The British Columbia (B.C.) government will likely have to hire hundreds of teachers and spend between $250 and $300 million CDN (roughly 170 to 205 million euros) more each year on education, after the Supreme Court of Canada overturned the B.C. Court of Appeal’s 2015 ruling in favour of the provincial government on 10 November. The decision restores the original decision in the union’s favour by B.C. Supreme Court Justice Susan Griffin. The financial estimate comes from Glen Hansman, President of the B.C. Teachers’ Federation (BCTF), affiliated to Education International’s member organisation the Canadian Teachers’ Federation (CTF), at the end of a union legal battle that began in 2002.

“Today's win is a massive victory for our rights and vindication of all the years we have spent fighting the B.C. government's unconstitutional legislation [that] allowed the B.C. government to underfund education” Hansman said. “Now, there is hope that those students coming up through the system will start to see classroom conditions and support levels improve,” and “for teachers that their teaching conditions will return to workable and fair levels.”

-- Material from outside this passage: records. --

lemma sim_pi_stochastic_imp_nondeterministic:
  fixes A1 :: "('q1, 'r1) sca" and A2 :: "('q2, 'r2) sca"
  assumes "is_sca A1" "is_sca A2" "sim_pi XS A1 A2"
  shows "sim_pi XN A1 A2"
proof -
  from assms(3) obtain m1 m2 t1 t2 k1 k2 and p :: "'q2 list \<Rightarrow> 'q1 list" where
    bounds: "m1 \<ge> 1" "m2 \<ge> 1" "t1 \<ge> 1" "t2 \<ge> 1" and
    ok: "proj_ok p (states_pow (states A2) m2) (states_pow (states A1) m1)
           (rand_pow (rands A2) m2 t2) (rescale A2 m2 t2 k2)" and
    same: "same XS (states_pow (states A1) m1) (rand_pow (rands A1) m1 t1) (rescale A1 m1 t1 k1)
           (rand_pow (rands A2) m2 t2) (proj p (states_pow (states A2) m2) (rescale A2 m2 t2 k2))"
    unfolding sim_pi_def by blast
  have "same XN (states_pow (states A1) m1) (rand_pow (rands A1) m1 t1) (rescale A1 m1 t1 k1)
          (rand_pow (rands A2) m2 t2) (proj p (states_pow (states A2) m2) (rescale A2 m2 t2 k2))"
    by (rule same_stochastic_imp_same_nondeterministic[OF
          is_sca_finite_rand_pow[OF assms(1)] is_sca_finite_rand_pow[OF assms(2)]
          locally_determined_rescale locally_determined_proj[OF locally_determined_rescale]
          rescale_in_conf[OF assms(1) bounds(1)]
          proj_in_conf[OF ok rescale_in_conf[OF assms(2) bounds(2)]] same])
  with bounds ok show ?thesis unfolding sim_pi_def by blast
qed

lemma sim_m_stochastic_imp_nondeterministic:
  fixes A1 :: "('q1, 'r1) sca" and A2 :: "('q2, 'r2) sca"
  assumes "is_sca A1" "is_sca A2" "sim_m XS A1 A2"
  shows "sim_m XN A1 A2"
proof -
  from assms(3) obtain m1 m2 t1 t2 k1 k2 and Q' :: "'q2 list set" and i :: "'q2 list \<Rightarrow> 'q2 list"
      and p :: "'q2 list \<Rightarrow> 'q1 list" where
    bounds: "m1 \<ge> 1" "m2 \<ge> 1" "t1 \<ge> 1" "t2 \<ge> 1" and
    ok_restr: "restr_ok Q' i (states_pow (states A2) m2) (rand_pow (rands A2) m2 t2)
                 (rescale A2 m2 t2 k2)" and
    ok_proj: "proj_ok p Q' (states_pow (states A1) m1) (rand_pow (rands A2) m2 t2)
                (restr Q' i (rescale A2 m2 t2 k2))" and
    same: "same XS (states_pow (states A1) m1) (rand_pow (rands A1) m1 t1) (rescale A1 m1 t1 k1)
           (rand_pow (rands A2) m2 t2) (proj p Q' (restr Q' i (rescale A2 m2 t2 k2)))"
    unfolding sim_m_def by blast
  have "same XN (states_pow (states A1) m1) (rand_pow (rands A1) m1 t1) (rescale A1 m1 t1 k1)
          (rand_pow (rands A2) m2 t2) (proj p Q' (restr Q' i (rescale A2 m2 t2 k2)))"
    by (rule same_stochastic_imp_same_nondeterministic[OF
          is_sca_finite_rand_pow[OF assms(1)] is_sca_finite_rand_pow[OF assms(2)]
          locally_determined_rescale
          locally_determined_proj[OF locally_determined_restr[OF locally_determined_rescale]]
          rescale_in_conf[OF assms(1) bounds(1)]
          proj_in_conf[OF ok_proj restr_in_conf[OF ok_restr]] same])
  with bounds ok_restr ok_proj show ?thesis unfolding sim_m_def by blast
qed

theorem fact4:
  fixes A1 :: "('q1, 'r1) sca" and A2 :: "('q2, 'r2) sca"
  assumes "is_sca A1" and "is_sca A2"
  shows "(sim_i XS A1 A2 \<longrightarrow> sim_i XN A1 A2) \<and>
         (sim_pi XS A1 A2 \<longrightarrow> sim_pi XN A1 A2) \<and>
         (sim_m XS A1 A2 \<longrightarrow> sim_m XN A1 A2)"
  using sim_i_stochastic_imp_nondeterministic sim_pi_stochastic_imp_nondeterministic
    sim_m_stochastic_imp_nondeterministic assms by blast

end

This is the final step in a very long legal process, in which the BCTF has consistently argued that the governments' actions in stripping teachers' collective agreements and right to bargain in 2002, and their further refusal to address the situation, was unconstitutional. Canada's highest court affirmed teachers' bargaining rights and agreed with the arguments that the BCTF has been making since then Education Minister Christy Clark first stripped teachers' collective agreements.

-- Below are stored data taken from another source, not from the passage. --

section \<open>Values of integer-valued polynomials\<close>

text \<open>If f \<in> Int_K(M_n(D)) and p \<in> D[x] is monic of degree n, then f mod p
  has coefficients in D: they form the first column of f(Cm) \<in> M_n(D), where Cm is the
  companion matrix of p.\<close>

lemma Int_mat_mod_monic_integral:
  fixes p :: "'a::idom poly"
  assumes f: "f \<in> Int_mat TYPE('n::finite)"
    and deg: "degree p = CARD('n)" and monic: "coeff p CARD('n) = 1"
  shows "\<exists>r0. f mod map_poly to_fract p = map_poly to_fract r0"
proof -
  define n where "n = CARD('n)"
  obtain idx :: "'n \<Rightarrow> nat" where idx: "bij_betw idx UNIV {..<n}"
    using index_enumeration n_def by blast
  have idx_less: "idx x < n" for x using idx by (auto simp: bij_betw_def)
  define pK where "pK = map_poly to_fract p"
  define r where "r = f mod pK"
  have deg_pK: "degree pK = n"
    using deg monic unfolding pK_def n_def by (subst degree_map_poly) auto
  have "pK \<noteq> 0" using deg_pK n_def by auto
  then have r_deg: "degree r < n"
    using degree_mod_less'[of pK f] deg_pK n_def by (cases "r = 0") (auto simp: r_def)
  define Cm :: "'a^'n^'n" where "Cm = companion_mat idx p"
  define e0 :: "'a fract^'n" where "e0 = basis_vec idx 0"
  obtain M where M: "poly_mat f (mat_to_fract Cm) = mat_to_fract M"
    using f unfolding Int_mat_def by blast
  have e0: "e0 = vec_to_fract (basis_vec idx 0)"
    by (simp add: e0_def vec_to_fract_basis_vec)
  have "poly_mat pK (mat_to_fract Cm) *v e0 = vec_to_fract (poly_mat p Cm *v basis_vec idx 0)"
    by (simp only: e0 pK_def poly_mat_to_fract mat_to_fract_mulv)
  then have pK_e0: "poly_mat pK (mat_to_fract Cm) *v e0 = 0"
    using companion_mat_annihilates[OF idx[unfolded n_def] deg monic]
    by (simp add: Cm_def vec_to_fract_def Finite_Cartesian_Product.vec_eq_iff)
  have powers: "mat_pow (mat_to_fract Cm) k *v e0 = basis_vec idx k" if "k < n" for k
  proof -
    have "mat_pow (mat_to_fract Cm) k *v e0 = vec_to_fract (mat_pow Cm k *v basis_vec idx 0)"
      by (simp only: e0 mat_to_fract_pow[symmetric] mat_to_fract_mulv)
    also have "\<dots> = vec_to_fract (basis_vec idx k)"
      using companion_mat_powers[OF idx[unfolded n_def], of k p] that by (simp add: Cm_def n_def)
    finally show ?thesis by (simp only: vec_to_fract_basis_vec)
  qed
  have "vec_to_fract (M *v basis_vec idx 0) = poly_mat f (mat_to_fract Cm) *v e0"
    by (simp only: M e0 mat_to_fract_mulv)
  also have "\<dots> = poly_mat r (mat_to_fract Cm) *v e0"
    by (simp add: poly_mat_div_mod[of f _ pK] r_def matrix_vector_mult_add_rdistrib
        matrix_vector_mul_assoc[symmetric] pK_e0)
  also have "\<dots> = (\<Sum>k<n. coeff r k *s (mat_pow (mat_to_fract Cm) k *v e0))"
    by (rule poly_mat_mulv[OF r_deg])
  also have "\<dots> = (\<Sum>k<n. coeff r k *s basis_vec idx k)"
    by (rule sum.cong) (simp_all add: powers)
  also have "\<dots> = (\<chi> x. coeff r (idx x))"
    using idx_less by (rule basis_vec_combination)
  finally have column: "coeff r (idx x) = to_fract ((M *v basis_vec idx 0) $ x)" for x
    by (simp add: Finite_Cartesian_Product.vec_eq_iff vec_to_fract_def)
  have "coeff r k \<in> range to_fract" for k
  proof (cases "k < n")
    case True
    then obtain x where "idx x = k" using enumeration_hits[OF idx] by blast
    then show ?thesis using column[of x] by auto
  next
    case False
    then show ?thesis using r_deg by (simp add: coeff_eq_0 image_iff exI[of _ 0])
  qed
  then show ?thesis using poly_from_integral_coeffs unfolding r_def pK_def by blast
qed

text \<open>Every value f(C) of f \<in> Int_K(M_n(D)) lies in D[C]: reduce f modulo the
  characteristic polynomial of C.\<close>

lemma Int_mat_value_in_D_C:
  fixes C :: "('a::idom)^('n::finite)^'n"
  assumes f: "f \<in> Int_mat TYPE('n)"
  shows "\<exists>g :: 'a poly. poly_mat f (mat_to_fract C) = mat_to_fract (poly_mat g C)"
proof -
  obtain p :: "'a poly" where deg: "degree p = CARD('n)" and monic: "coeff p CARD('n) = 1"
    and CH: "poly_mat p C = 0"
    using cayley_hamilton[of C] by blast
  obtain r0 where r0: "f mod map_poly to_fract p = map_poly to_fract r0"
    using Int_mat_mod_monic_integral[OF f deg monic] by blast
  have "poly_mat (map_poly to_fract p) (mat_to_fract C) = 0"
    by (simp add: poly_mat_to_fract CH)
  then have "poly_mat f (mat_to_fract C) = poly_mat (map_poly to_fract r0) (mat_to_fract C)"
    by (simp add: poly_mat_div_mod[of f _ "map_poly to_fract p"] r0)
  then show ?thesis by (auto simp: poly_mat_to_fract)
qed

theorem mainTheorem3:
  fixes C :: "('a::idom)^('n::finite)^'n"
  shows "{poly_mat f (mat_to_fract C) | f. f \<in> Int_mat TYPE('n)}
         = mat_to_fract ` {poly_mat g C | g :: 'a poly. True}"
proof
  show "{poly_mat f (mat_to_fract C) | f. f \<in> Int_mat TYPE('n)}
      \<subseteq> mat_to_fract ` {poly_mat g C | g :: 'a poly. True}"
    using Int_mat_value_in_D_C[of _ C] by blast
  show "mat_to_fract ` {poly_mat g C | g :: 'a poly. True}
      \<subseteq> {poly_mat f (mat_to_fract C) | f. f \<in> Int_mat TYPE('n)}"
  proof
    fix X assume "X \<in> mat_to_fract ` {poly_mat g C | g :: 'a poly. True}"
    then obtain g :: "'a poly" where "X = mat_to_fract (poly_mat g C)" by blast
    then have "X = poly_mat (map_poly to_fract g) (mat_to_fract C)" by (simp add: poly_mat_to_fract)
    then show "X \<in> {poly_mat f (mat_to_fract C) | f. f \<in> Int_mat TYPE('n)}"
      using map_to_fract_in_Int_mat by blast
  qed
qed

end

“Kudos to the British Columbia Teachers’ Federation (BCTF) for its staunch commitment and determination to see justice prevail,” says CTF President Heather Smith. “This decision sends a message to any provincial/territorial government wishing to strip away teachers’ rights through legislation.”

BCTF pushes for immediate application of changes

The decision immediately restored clauses deleted from the teachers’ contract by the Liberal government in 2002 dealing with class size, the number of special needs students who can be in a class and the number of specialist teachers required in schools.

Hansman said it could take some time to restore class sizes to pre-2002 levels because the union has lost the equivalent of 3,500 full-time positions over the past 15 years, but highlighted that “the government should take immediate action to get those provisions back in effect so we can get back to a place where our teachers, schools, and students are properly funded and supported”.